This morning, UCLU Arts society presidents were informed that UCL’s 547-seat Bloomsbury Theatre will remain closed until 2018.
Arts societies are currently preparing to pitch next year’s shows to the Bloomsbury bid panel, which will still go ahead, despite UCL having promised no alternative venue for performances as yet.
In an email, AEO Asad Khan wrote that information was still incoming from UCL, and that UCLU was working to understand the situation and how best to work with societies to ensure the tradition of UCLU Arts would continue.
Last year, UCLU scrambled to find alternative venues for societies’ 2016 Bloomsbury shows, when UCL announced a theatre closure after performance slots had already been allocated. The theatre closure was then brought forward after construction workers discovered asbestos in the auditorium, meaning term one shows in 2015 were rearranged or cancelled.
UCL agreed to pay for theatre costs following this unanticipated withdrawal of performance space, but it appears that they have thus far not agreed to the same for the coming year.
The extension of the theatre closure represents a huge blow for Arts societies, who had hoped to get back on their feet after both the Bloomsbury and the Garage had been taken away from them in the last two years.
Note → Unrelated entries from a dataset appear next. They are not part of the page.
(* In the setting of the context, $A$ and $B$ are separable $k$-algebras.
   Context: $k$ is a field; $C_R(S)=\{r\in R:rs=sr\ \forall s\in S\}$. $N\subseteq M$ is a strongly separable, irreducible extension of $k$-algebras: $C_M(N)=k1$ and there are an $N$-bimodule map $E:M\to N$ and $x_1,\dots,x_n,y_1,\dots,y_n\in M$ with $\sum_iE(mx_i)y_i=m=\sum_ix_iE(y_im)$ for all $m\in M$, $E(1)\neq0$, $\sum_ix_iy_i\neq0$; normalized so that $E(1)=1$, whence $\sum_ix_iy_i=\lambda^{-1}1$ with $0\neq\lambda\in k$. Basic construction: given $S\subseteq R$, an $S$-bimodule map $E_S:R\to S$ with $E_S(1)=1$ and $r_i,s_i\in R$ with $\sum_iE_S(rr_i)s_i=r=\sum_ir_iE_S(s_ir)$ and $\sum_ir_is_i=\lambda^{-1}1$, set $R_1=R\otimes_SR$ with product $(a\otimes b)(c\otimes d)=aE_S(bc)\otimes d$, unit $\sum_ir_i\otimes s_i$, $R\subseteq R_1$ via $r\mapsto\sum_irr_i\otimes s_i$, $e=1\otimes1$, $E_R:R_1\to R$, $a\otimes b\mapsto\lambda ab$; then $E_R$, $\lambda^{-1}r_i\otimes1$, $1\otimes s_i$ satisfy the same conditions with the same $\lambda$. From $(N\subseteq M,E)$ get $M_1,e_1,E_M$; from $(M\subseteq M_1,E_M)$ get $M_2,e_2,E_{M_1}$. Let $A=C_{M_1}(N)$, $B=C_{M_2}(M)$. Depth 2 is assumed: $M_1$ is free as right $M$-module with basis in $A$, $M_2$ free as right $M_1$-module with basis in $B$. A $k$-algebra $D$ is separable if the multiplication $D\otimes_kD\to D$ has a right inverse as a $D$-$D$-bimodule map. *)

theory Defs
  imports "HOL-Algebra.Module" "HOL-Algebra.Subrings"
begin

definition k_algebra :: "'k ring \<Rightarrow> ('k,'a) module \<Rightarrow> bool" where
  "k_algebra K D \<longleftrightarrow> field K \<and> ring D \<and> module K D \<and>
     (\<forall>c\<in>carrier K. \<forall>x\<in>carrier D. \<forall>y\<in>carrier D.
        c \<odot>\<^bsub>D\<^esub> (x \<otimes>\<^bsub>D\<^esub> y) = (c \<odot>\<^bsub>D\<^esub> x) \<otimes>\<^bsub>D\<^esub> y \<and>
        c \<odot>\<^bsub>D\<^esub> (x \<otimes>\<^bsub>D\<^esub> y) = x \<otimes>\<^bsub>D\<^esub> (c \<odot>\<^bsub>D\<^esub> y))"

definition k_subalgebra :: "'k ring \<Rightarrow> 'a set \<Rightarrow> ('k,'a) module \<Rightarrow> bool" where
  "k_subalgebra K S D \<longleftrightarrow> subring S D \<and>
     (\<forall>c\<in>carrier K. \<forall>x\<in>S. c \<odot>\<^bsub>D\<^esub> x \<in> S)"

definition scalars :: "'k ring \<Rightarrow> ('k,'a) module \<Rightarrow> 'a set" where
  "scalars K D = {c \<odot>\<^bsub>D\<^esub> \<one>\<^bsub>D\<^esub> | c. c \<in> carrier K}"

definition centralizer :: "('a,'m) ring_scheme \<Rightarrow> 'a set \<Rightarrow> 'a set" where
  "centralizer R S = {r \<in> carrier R. \<forall>s\<in>S. r \<otimes>\<^bsub>R\<^esub> s = s \<otimes>\<^bsub>R\<^esub> r}"

text \<open>Elements are classes of finite formal sums (lists) of pairs modulo the
  congruence generated by biadditivity and S-balancedness.\<close>

inductive tens_eq :: "('a,'m) ring_scheme \<Rightarrow> 'a set \<Rightarrow> ('a \<times> 'a) list \<Rightarrow> ('a \<times> 'a) list \<Rightarrow> bool"
  for R S where
  refl: "set xs \<subseteq> carrier R \<times> carrier R \<Longrightarrow> tens_eq R S xs xs"
| sym: "tens_eq R S xs ys \<Longrightarrow> tens_eq R S ys xs"
| trans: "tens_eq R S xs ys \<Longrightarrow> tens_eq R S ys zs \<Longrightarrow> tens_eq R S xs zs"
| app: "tens_eq R S xs ys \<Longrightarrow> tens_eq R S us vs \<Longrightarrow> tens_eq R S (xs @ us) (ys @ vs)"
| swap: "\<lbrakk>a \<in> carrier R; b \<in> carrier R; c \<in> carrier R; d \<in> carrier R\<rbrakk> \<Longrightarrow>
           tens_eq R S [(a,b),(c,d)] [(c,d),(a,b)]"
| addl: "\<lbrakk>a \<in> carrier R; a' \<in> carrier R; b \<in> carrier R\<rbrakk> \<Longrightarrow>
           tens_eq R S [(a \<oplus>\<^bsub>R\<^esub> a', b)] [(a,b),(a',b)]"
| addr: "\<lbrakk>a \<in> carrier R; b \<in> carrier R; b' \<in> carrier R\<rbrakk> \<Longrightarrow>
           tens_eq R S [(a, b \<oplus>\<^bsub>R\<^esub> b')] [(a,b),(a,b')]"
| zerol: "b \<in> carrier R \<Longrightarrow> tens_eq R S [(\<zero>\<^bsub>R\<^esub>, b)] []"
| zeror: "a \<in> carrier R \<Longrightarrow> tens_eq R S [(a, \<zero>\<^bsub>R\<^esub>)] []"
| bal: "\<lbrakk>a \<in> carrier R; b \<in> carrier R; s \<in> S\<rbrakk> \<Longrightarrow>
           tens_eq R S [(a \<otimes>\<^bsub>R\<^esub> s, b)] [(a, s \<otimes>\<^bsub>R\<^esub> b)]"

definition tcls :: "('a,'m) ring_scheme \<Rightarrow> 'a set \<Rightarrow> ('a \<times> 'a) list \<Rightarrow> ('a \<times> 'a) list set" where
  "tcls R S xs = {ys. tens_eq R S xs ys}"

definition tens_carrier :: "('a,'m) ring_scheme \<Rightarrow> 'a set \<Rightarrow> ('a \<times> 'a) list set set" where
  "tens_carrier R S = tcls R S ` {xs. set xs \<subseteq> carrier R \<times> carrier R}"

definition trep :: "('a \<times> 'a) list set \<Rightarrow> ('a \<times> 'a) list" where
  "trep X = (SOME xs. xs \<in> X)"

definition tadd :: "('a,'m) ring_scheme \<Rightarrow> 'a set \<Rightarrow> ('a \<times> 'a) list set \<Rightarrow> ('a \<times> 'a) list set \<Rightarrow> ('a \<times> 'a) list set" where
  "tadd R S X Y = tcls R S (trep X @ trep Y)"

definition tlact :: "('a,'m) ring_scheme \<Rightarrow> 'a set \<Rightarrow> 'a \<Rightarrow> ('a \<times> 'a) list set \<Rightarrow> ('a \<times> 'a) list set" where
  "tlact R S d X = tcls R S (map (\<lambda>(a,b). (d \<otimes>\<^bsub>R\<^esub> a, b)) (trep X))"

definition tract :: "('a,'m) ring_scheme \<Rightarrow> 'a set \<Rightarrow> ('a \<times> 'a) list set \<Rightarrow> 'a \<Rightarrow> ('a \<times> 'a) list set" where
  "tract R S X d = tcls R S (map (\<lambda>(a,b). (a, b \<otimes>\<^bsub>R\<^esub> d)) (trep X))"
Musical Theatre Society President Emma Groome responded: “How little regard UCL has for its students is frankly disturbing. Honestly, if I were 18 and applying to universities now, I wouldn’t go near it with a barge pole. I’m speechless.”
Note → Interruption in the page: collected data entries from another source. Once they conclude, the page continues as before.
lemma sign_regular_prod_quadratics:
  fixes a b :: "nat \<Rightarrow> real"
  assumes e: "\<bar>e\<bar> = 1"
    and ab: "\<forall>j<m. 0 < a j \<and> a j \<le> b j" and chain: "\<forall>j. Suc j < m \<longrightarrow> b j \<le> a (Suc j)"
  shows "sign_regular e (if m = 0 then 0 else b (m - 1))
           (\<Prod>j<m. [:1, e * (b j - a j), - (a j * b j):])"
  using ab chain
proof (induction m)
  case 0
  then show ?case by (simp add: sign_regular_1)
next
  case (Suc m)
  have "(if m = 0 then 0 else b (m - 1)) \<le> a m"
    using Suc.prems by (cases m) auto
  then show ?case
    using sign_regular_mult_quadratic[OF e Suc.IH] Suc.prems by (simp add: mult.commute)
qed

lemma coeff_prod_quadratics_nonzero:
  fixes a b :: "nat \<Rightarrow> real"
  assumes e: "\<bar>e\<bar> = 1"
    and ab: "\<forall>j<m. 0 < a j \<and> a j \<le> b j" and chain: "\<forall>j. Suc j < m \<longrightarrow> b j \<le> a (Suc j)"
    and strict: "\<exists>j<m. a j < b j"
  shows "\<forall>k\<le>2 * m. coeff (\<Prod>j<m. [:1, e * (b j - a j), - (a j * b j):]) k \<noteq> 0"
  using ab chain strict
proof (induction m)
  case 0
  then show ?case by simp
next
  case (Suc m)
  let ?G = "\<Prod>j<m. [:1, e * (b j - a j), - (a j * b j):]"
  have "a j \<noteq> 0 \<and> b j \<noteq> 0" if "j < Suc m" for j
  proof -
    have "0 < a j" "a j \<le> b j" using Suc.prems(1) that by simp_all
    then show ?thesis by simp
  qed
  then have deg: "degree ?G = 2 * m"
    and deg_Suc: "degree (\<Prod>j<Suc m. [:1, e * (b j - a j), - (a j * b j):]) = 2 * Suc m"
    by (intro degree_prod_quadratics; simp)+
  have "(if m = 0 then 0 else b (m - 1)) \<le> a m"
    using Suc.prems by (cases m) auto
  moreover have "a m < b m \<or> (0 < degree ?G \<and> (\<forall>k\<le>degree ?G. coeff ?G k \<noteq> 0))"
    using Suc deg less_Suc_eq by fastforce
  ultimately show ?case
    using sign_regular_mult_quadratic_coeff_nonzero[OF e sign_regular_prod_quadratics[OF e]]
      Suc.prems deg_Suc by (simp add: mult.commute)
qed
While Drama President Matt Aldridge said: “The fact UCLU had access to a theatre of this calibre is one of the big reasons I came to UCL. This will be a huge loss for all arts societies. UCLU now has to stand up and show it cares about the experience of its community, all the hard work we put in and possesses the competence to get an explanation and a equivalent replacement out of UCL.”
He added: “The way UCLU Arts Societies are continually sidelined is a fucking joke.”
Societies will meet with Khan at 13.00 this Thursday to discuss the problem. It’s expected that Culture Club, the coalition of Arts societies, will demand a replacement performance venue of comparable size.